Minutes after first exposure 30 45 60
Old 8 12 14
New 17 28 14

The black bars (new) are significantly longer than the white bars (old) after 30 and 45 minutes, but not after 60 minutes.  Therefore, the normal rats recognized the old objects after 30 and 45 minutes, but not after 60 minutes.

Figure 3 Graph D (also below the article-summary cutoff) shows how much time different types of rats spent exploring old and new objects.  The "RGS" group is rats given the gene therapy, but in parietal cortex rather than in V2.

Here it is in HTML form: How much time the rats spent exploring old and new objects, by rat type:

Rat type Normal (after 45 min) Parietal RGS (after 60 min)
Old 10 11
New 27 12

Parietal RGS rats displayed no difference in time spent exploring old and new objects after 60 minutes; therefore, this gene therapy to parietal cortex does not improve ORM.

To recap:

  1. We conclude that rats no longer recognize an old object if they spend about the same time investigating it as investigating a new object.
  2. Normal rats spend the same time investigating old and new objects 60 minutes after first exposure to the old object.
  3. Parietal RGS rats also spend the same time investigating old and new objects after 60 minutes.
  4. Therefore, normal rats and parietal RGS rats both lose ORM by 60 minutes.

So why don't I buy it?

Figure 1 (look at A).

Fig. 1 Animal performance on ORM task.

Figure 3 (look at D):

Fig. 3 Ox7-SAP injection in layer 6 and determination of ORM.

(Original image is here.)

The investigators were trying to determine when rats recognized an old object.  So what's most relevant is how much time they spent investigating the old object.  The time spent investigating new objects is probably supposed to control for variations in their testing procedure.

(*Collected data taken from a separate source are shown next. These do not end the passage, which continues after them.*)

(* Consider a game in which Constructor and Blocker alternately claim unclaimed edges of $K_n$ (with Constructor possibly subject to restrictions on which edges she may claim). Assume that Blocker always answers each move of Constructor by claiming an unclaimed edge with both endpoints in the connected component of Constructor's graph containing the edge Constructor just claimed, whenever such an unclaimed edge exists. If at the end of the game some connected component $C$ of Constructor's graph has $r$ vertices, then at least $$\frac{\binom{r}{2}-\lfloor r/2\rfloor}{2}$$ of the edges of $K_n$ between vertices of $C$ are not claimed by Constructor.
   Context: Constructor's graph is the graph on $V(K_n)$ whose edges are those claimed by Constructor. *)

theory Defs
  imports Complex_Main
begin

definition Kn_edges :: "nat \<Rightarrow> nat set set" where
  "Kn_edges n = {e. e \<subseteq> {..<n} \<and> card e = 2}"

definition component :: "nat \<Rightarrow> nat set set \<Rightarrow> nat \<Rightarrow> nat set" where
  "component n E v = {w \<in> {..<n}. (\<lambda>x y. {x, y} \<in> E)\<^sup>*\<^sup>* v w}"

definition is_component :: "nat \<Rightarrow> nat set set \<Rightarrow> nat set \<Rightarrow> bool" where
  "is_component n E C \<longleftrightarrow> (\<exists>v<n. C = component n E v)"

text \<open>A play is a list of rounds: Constructor claims an edge, then Blocker claims
  an edge (Some e) or makes no move (None).\<close>
type_synonym round = "nat set \<times> nat set option"

definition cons_edges :: "round list \<Rightarrow> nat set set" where
  "cons_edges rs = fst ` set rs"

definition blk_edges :: "round list \<Rightarrow> nat set set" where
  "blk_edges rs = (\<Union>r \<in> set rs. set_option (snd r))"

definition claimed :: "round list \<Rightarrow> nat set set" where
  "claimed rs = cons_edges rs \<union> blk_edges rs"

definition legal_play :: "nat \<Rightarrow> round list \<Rightarrow> bool" where
  "legal_play n rs \<longleftrightarrow> (\<forall>i<length rs.
     fst (rs ! i) \<in> Kn_edges n \<and> fst (rs ! i) \<notin> claimed (take i rs) \<and>
     (\<forall>e. snd (rs ! i) = Some e \<longrightarrow>
        e \<in> Kn_edges n \<and> e \<notin> claimed (take i rs) \<and> e \<noteq> fst (rs ! i)))"

definition blocker_follows_rule :: "nat \<Rightarrow> round list \<Rightarrow> bool" where
  "blocker_follows_rule n rs \<longleftrightarrow> (\<forall>i<length rs. \<forall>u \<in> fst (rs ! i).
     let K = component n (cons_edges (take i rs) \<union> {fst (rs ! i)}) u in
     (\<exists>e \<in> Kn_edges n. e \<subseteq> K \<and> e \<notin> claimed (take i rs) \<and> e \<noteq> fst (rs ! i)) \<longrightarrow>
     (\<exists>e. snd (rs ! i) = Some e \<and> e \<subseteq> K))"

end

theory Submission imports Defs begin

text \<open>Call the surplus of a vertex set K the number of Constructor's edges inside K minus
  the number of Blocker's edges inside K. The invariant is that every component K of
  Constructor's graph has surplus at most |K| div 2. A move of Constructor raises the surplus
  only of the component containing her new edge, and by at most one: if the edge merges
  components A and A', then |A| div 2 + |A'| div 2 \<le> |A \<union> A'| div 2. Blocker then claims an
  edge inside that component, restoring the invariant, unless all its edges are already
  claimed; but then the surplus is congruent to |K| choose 2, hence to |K| div 2, modulo 2, so
  the excess of one cannot occur. At the end, if Constructor has a and Blocker b edges inside
  C, then a - b \<le> r div 2 and a + b \<le> r choose 2, so (r choose 2) - a \<ge> ((r choose 2) - r div 2) / 2.\<close>

definition reach :: "nat set set \<Rightarrow> nat \<Rightarrow> nat \<Rightarrow> bool" where
  "reach E = (\<lambda>x y. {x, y} \<in> E)\<^sup>*\<^sup>*"

lemma component_reach: "component n E v = {w \<in> {..<n}. reach E v w}"
  unfolding component_def reach_def ..

lemma reach_refl [simp]: "reach E a a"
  unfolding reach_def by simp

lemma reach_edge: "{a, b} \<in> E \<Longrightarrow> reach E a b"
  unfolding reach_def by (rule r_into_rtranclp)

lemma reach_trans: "reach E a b \<Longrightarrow> reach E b c \<Longrightarrow> reach E a c"
  unfolding reach_def by (rule rtranclp_trans)

lemma reach_sym: "reach E a b \<Longrightarrow> reach E b a"
proof -
  have "symp (\<lambda>x y. {x, y} \<in> E)"
    by (simp add: symp_def insert_commute)
  then show "reach E a b \<Longrightarrow> reach E b a"
    unfolding reach_def by (rule sympD[OF symp_rtranclp])
qed

lemma reach_start_cong:
  assumes "reach E a b"
  shows "reach E a w \<longleftrightarrow> reach E b w"
  using reach_trans[OF assms, of w] reach_trans[OF reach_sym[OF assms], of w] by blast

lemma reach_mono: "E \<subseteq> F \<Longrightarrow> reach E a b \<Longrightarrow> reach F a b"
  unfolding reach_def by (rule mono_rtranclp[rule_format]) auto

lemma reach_insert:
  "reach (insert {x, y} E) a b \<longleftrightarrow>
   reach E a b \<or> (reach E a x \<and> reach E y b) \<or> (reach E a y \<and> reach E x b)"
proof
  assume "reach (insert {x, y} E) a b"
  then show "reach E a b \<or> (reach E a x \<and> reach E y b) \<or> (reach E a y \<and> reach E x b)"
    unfolding reach_def[of "insert {x, y} E"]
  proof (induction rule: rtranclp_induct)
    case (step b c)
    then consider "{b, c} \<in> E" | "b = x" "c = y" | "b = y" "c = x"
      by (auto simp: doubleton_eq_iff)
    then show ?case
      using step.IH by cases (meson reach_edge reach_trans reach_refl)+
  qed simp
next
  have "reach (insert {x, y} E) x y" "reach (insert {x, y} E) y x"
    by (auto intro: reach_edge simp: insert_commute)
  moreover assume "reach E a b \<or> (reach E a x \<and> reach E y b) \<or> (reach E a y \<and> reach E x b)"
  ultimately show "reach (insert {x, y} E) a b"
    using reach_mono[of E "insert {x, y} E"] by (meson reach_trans subset_insertI)
qed

lemma component_subset: "component n E v \<subseteq> {..<n}"
  unfolding component_def by auto

lemma finite_component [simp]: "finite (component n E v)"
  by (rule finite_subset[OF component_subset]) simp

lemma component_eq:
  assumes "reach E x y"
  shows "component n E x = component n E y"
  using reach_start_cong[OF assms] by (simp add: component_reach)

lemma mem_component_iff: "w \<in> component n E v \<longleftrightarrow> w < n \<and> reach E v w"
  unfolding component_reach by auto

lemma is_component_eq_component:
  assumes "is_component n E K" "u \<in> K"
  shows "K = component n E u"
proof -
  obtain v where K: "K = component n E v"
    using assms(1) unfolding is_component_def by blast
  then have "reach E v u"
    using assms(2) by (simp add: mem_component_iff)
  then show ?thesis
    unfolding K by (rule component_eq)
qed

But in both of the graphs, we see that they are claiming that rats failed to recognize an old object in the 60-minute condition, even though they spent the same amount of time investigating it as in the other conditions.  The difference was only in their response to new objects.  The test methodology assumes that the response to new objects is always the same.

Look at the error bars on those graphs.  The black bars are supposed to all be the same height (except in 1B and 1C).  Yet we see they differ across conditions by what looks like about 10 standard deviations in several cases.

When you regularly get 10 standard deviations of difference in your control variable across cases, you shouldn't say, "Gee, lucky thing I used that control variable!  Otherwise I never would have noticed the large, significant difference between the test and control cases."  No; you say, "Gee, something is wrong with my experimental procedure."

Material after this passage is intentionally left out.